Going down the data below, set down exactly the line with "obtains N where" and each line after it through the line with "(intro power_increasing) auto"; no other lines.

───

lemma block_list_approx:
  assumes "0 < \<eta>"
  shows "\<exists>L\<ge>N. block_len L = length ys \<and> (\<forall>i<length ys. norm (block_list L ! i - ys ! i) < \<eta>)"
proof -
  obtain t where t: "length (rat_complex_list t) = length ys"
    "\<forall>i<length ys. norm (rat_complex_list t ! i - ys ! i) < \<eta>"
    using rat_complex_list_dense[OF assms] by blast
  define B where "B = Max (insert 0 (norm ` set (rat_complex_list t)))"
  define L where "L = prod_encode (t, max N (max (length ys) (nat \<lceil>B\<rceil>)))"
  have L: "max N (max (length ys) (nat \<lceil>B\<rceil>)) \<le> L"
    unfolding L_def by (rule le_prod_encode_2)
  have "norm z \<le> real L" if "z \<in> set (rat_complex_list t)" for z
  proof -
    have "norm z \<le> B" unfolding B_def using that by (intro Max_ge) auto
    then show ?thesis using L by linarith
  qed
  then have "block_list L = rat_complex_list t"
    using L t(1) by (simp add: block_list_def L_def Let_def)
  then show ?thesis using L t by (intro exI[of _ L]) (simp add: block_len_def)
qed

lemma norm_generator_small_on_late_blocks:
  assumes "0 < \<eta>"
  obtains N where "\<And>n i. block_start L m n \<Longrightarrow> N < n \<Longrightarrow> i < block_len L \<Longrightarrow> norm (generator (n + i)) \<le> \<eta>"
proof -
  obtain N where N: "real L / \<eta> ^ m < c ^ N" using real_arch_pow[OF c_gt_one] by blast
  have "norm (generator (n + i)) \<le> \<eta>" if b: "block_start L m n" and "N < n" and i: "i < block_len L" for n i
  proof -
    have "c ^ N \<le> c ^ n" using \<open>N < n\<close> c_gt_one by (intro power_increasing) auto
    have "norm (generator (n + i)) ^ m \<le> real L / c ^ n" by (rule norm_generator_power_le[OF b i])
    also have "\<dots> \<le> real L / c ^ N"
      using \<open>c ^ N \<le> c ^ n\<close> c_pos by (intro divide_left_mono) auto
    also have "\<dots> < \<eta> ^ m" using N c_pos \<open>0 < \<eta>\<close> by (simp add: field_simps)
    finally show ?thesis using power_less_imp_less_base \<open>0 < \<eta>\<close> by fastforce
  qed
  then show ?thesis by (rule that)
qed

lemma head_term_close:
  assumes b: "block_start L m n" and i: "i < block_len L" and "0 \<le> C"
    and lowest: "\<And>z. norm z \<le> 1 \<Longrightarrow> norm (poly p z - z ^ m * a) \<le> C * norm z ^ (m + 1)"
  shows "norm (lam ^ n * poly p (generator (n + i)) - a * block_list L ! i)
           \<le> C * real L * norm (generator (n + i))"
proof -
  define z where "z = generator (n + i)"
  have pw: "lam ^ n * z ^ m = block_list L ! i" using generator_power[OF b i] by (simp add: z_def)
  have "lam ^ n * poly p z - a * block_list L ! i = lam ^ n * (poly p z - z ^ m * a)"
    by (simp add: pw[symmetric] algebra_simps)
  then have "norm (lam ^ n * poly p z - a * block_list L ! i) = c ^ n * norm (poly p z - z ^ m * a)"
    by (simp add: c_def norm_mult norm_power)
  also have "\<dots> \<le> c ^ n * (C * norm z ^ (m + 1))"
    using lowest norm_generator_le_one c_pos by (simp add: z_def)
  also have "\<dots> = C * norm (block_list L ! i) * norm z"
    by (simp add: pw[symmetric] c_def norm_mult norm_power)
  also have "\<dots> \<le> C * real L * norm z"
    using norm_block_list_le[OF i] \<open>0 \<le> C\<close> by (intro mult_right_mono mult_left_mono) auto
  finally show ?thesis by (simp add: z_def)
qed

lemma tail_factor_small:
  assumes "0 < \<epsilon>" "0 \<le> G"
  shows "\<exists>j0. \<forall>L\<ge>j0. c powr (- (real L / 2)) * G \<le> \<epsilon>"
proof -
  define r where "r = c powr (-1/2)"
  have r: "0 \<le> r" "r < 1" using c_gt_one by (auto simp: r_def intro: powr_less_one)
  have "eventually (\<lambda>L. r ^ L < \<epsilon> / (G + 1)) sequentially"
    using assms by (intro order_tendstoD(2)[OF LIMSEQ_power_zero]) (use r in auto)
  then obtain j0 where j0: "\<And>L. L \<ge> j0 \<Longrightarrow> r ^ L < \<epsilon> / (G + 1)"
    by (auto simp: eventually_sequentially)
  have "c powr (- (real L / 2)) * G \<le> \<epsilon>" if "L \<ge> j0" for L
  proof -
    have "c powr (- (real L / 2)) = r ^ L"
      using c_pos by (simp add: r_def powr_realpow[symmetric] powr_powr)
    then have "c powr (- (real L / 2)) * G \<le> \<epsilon> / (G + 1) * G"
      using j0[OF that] assms by (intro mult_right_mono) auto
    also have "\<dots> \<le> \<epsilon>" using assms by (simp add: field_simps)
    finally show ?thesis .
  qed
  then show ?thesis by blast
qed

lemma block_list_approx_scaled:
  assumes "a \<noteq> 0" "0 < \<epsilon>"
  shows "\<exists>L\<ge>N. block_len L = w \<and> (\<forall>i<w. norm (a * block_list L ! i - v i) \<le> \<epsilon>)"
proof -
  obtain L where "L \<ge> N" and len: "block_len L = w"
    and approx: "\<And>i. i < w \<Longrightarrow> norm (block_list L ! i - v i / a) < \<epsilon> / norm a"
    using block_list_approx[of "\<epsilon> / norm a" N "map (\<lambda>i. v i / a) [0..<w]"] assms by auto
  have "norm (a * block_list L ! i - v i) \<le> \<epsilon>" if "i < w" for i
  proof -
    have "norm (a * block_list L ! i - v i) = norm a * norm (block_list L ! i - v i / a)"
      using \<open>a \<noteq> 0\<close> by (simp add: norm_mult[symmetric] right_diff_distrib)
    also have "\<dots> \<le> norm a * (\<epsilon> / norm a)"
      using approx[OF that] by (intro mult_left_mono) auto
    finally show ?thesis using \<open>a \<noteq> 0\<close> by simp
  qed
  then show ?thesis using \<open>L \<ge> N\<close> len by blast
qed

lemma shifted_poly_generator_head_tail_close:
  assumes b: "block_start L m n" and len: "block_len L = w" and "0 \<le> C" and p0: "poly p 0 = 0"
    and lowest: "\<And>z. norm z \<le> 1 \<Longrightarrow> norm (poly p z - z ^ m * a) \<le> C * norm z ^ (m + 1)"
    and list: "\<And>i. i < w \<Longrightarrow> norm (a * block_list L ! i - v i) \<le> \<delta> / 2"
    and small: "\<And>i. i < w \<Longrightarrow> C * real L * norm (generator (n + i)) \<le> \<delta> / 2"
    and tail: "(norm a + C) * c powr (- (real L / 2)) * (\<Sum>L'. real L' ^ (m + 2) * (c powr (-1/2)) ^ L')
                 * (c / (c - 1)) \<le> \<delta>"
  shows "head_tail_close w \<delta> (\<lambda>k. lam ^ n * poly p (generator (n + k))) v"
  unfolding head_tail_close_def
proof (intro conjI allI impI)
  fix i assume "i < w"
  define y where "y = lam ^ n * poly p (generator (n + i))"
  have "norm (y - a * block_list L ! i) \<le> \<delta> / 2"
    using head_term_close[OF b _ \<open>0 \<le> C\<close> lowest] small[OF \<open>i < w\<close>] \<open>i < w\<close> len
    unfolding y_def by fastforce
  then show "norm (y - v i) \<le> \<delta>"
    using list[OF \<open>i < w\<close>] norm_triangle_ineq[of "y - a * block_list L ! i" "a * block_list L ! i - v i"]
    by simp
next
  fix K :: "nat set" assume "finite K" "K \<subseteq> {w..}"
  then show "(\<Sum>k\<in>K. norm (lam ^ n * poly p (generator (n + k)))) \<le> \<delta>"
    using tail_sum_after_block_le[OF b _ norm_poly_le_lowest_power[OF lowest \<open>0 \<le> C\<close>] p0] len
      \<open>0 \<le> C\<close> tail by fastforce
qed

───

Task output:
  obtains N where "\<And>n i. block_start L m n \<Longrightarrow> N < n \<Longrightarrow> i < block_len L \<Longrightarrow> norm (generator (n + i)) \<le> \<eta>"
proof -
  obtain N where N: "real L / \<eta> ^ m < c ^ N" using real_arch_pow[OF c_gt_one] by blast
  have "norm (generator (n + i)) \<le> \<eta>" if b: "block_start L m n" and "N < n" and i: "i < block_len L" for n i
  proof -
    have "c ^ N \<le> c ^ n" using \<open>N < n\<close> c_gt_one by (intro power_increasing) auto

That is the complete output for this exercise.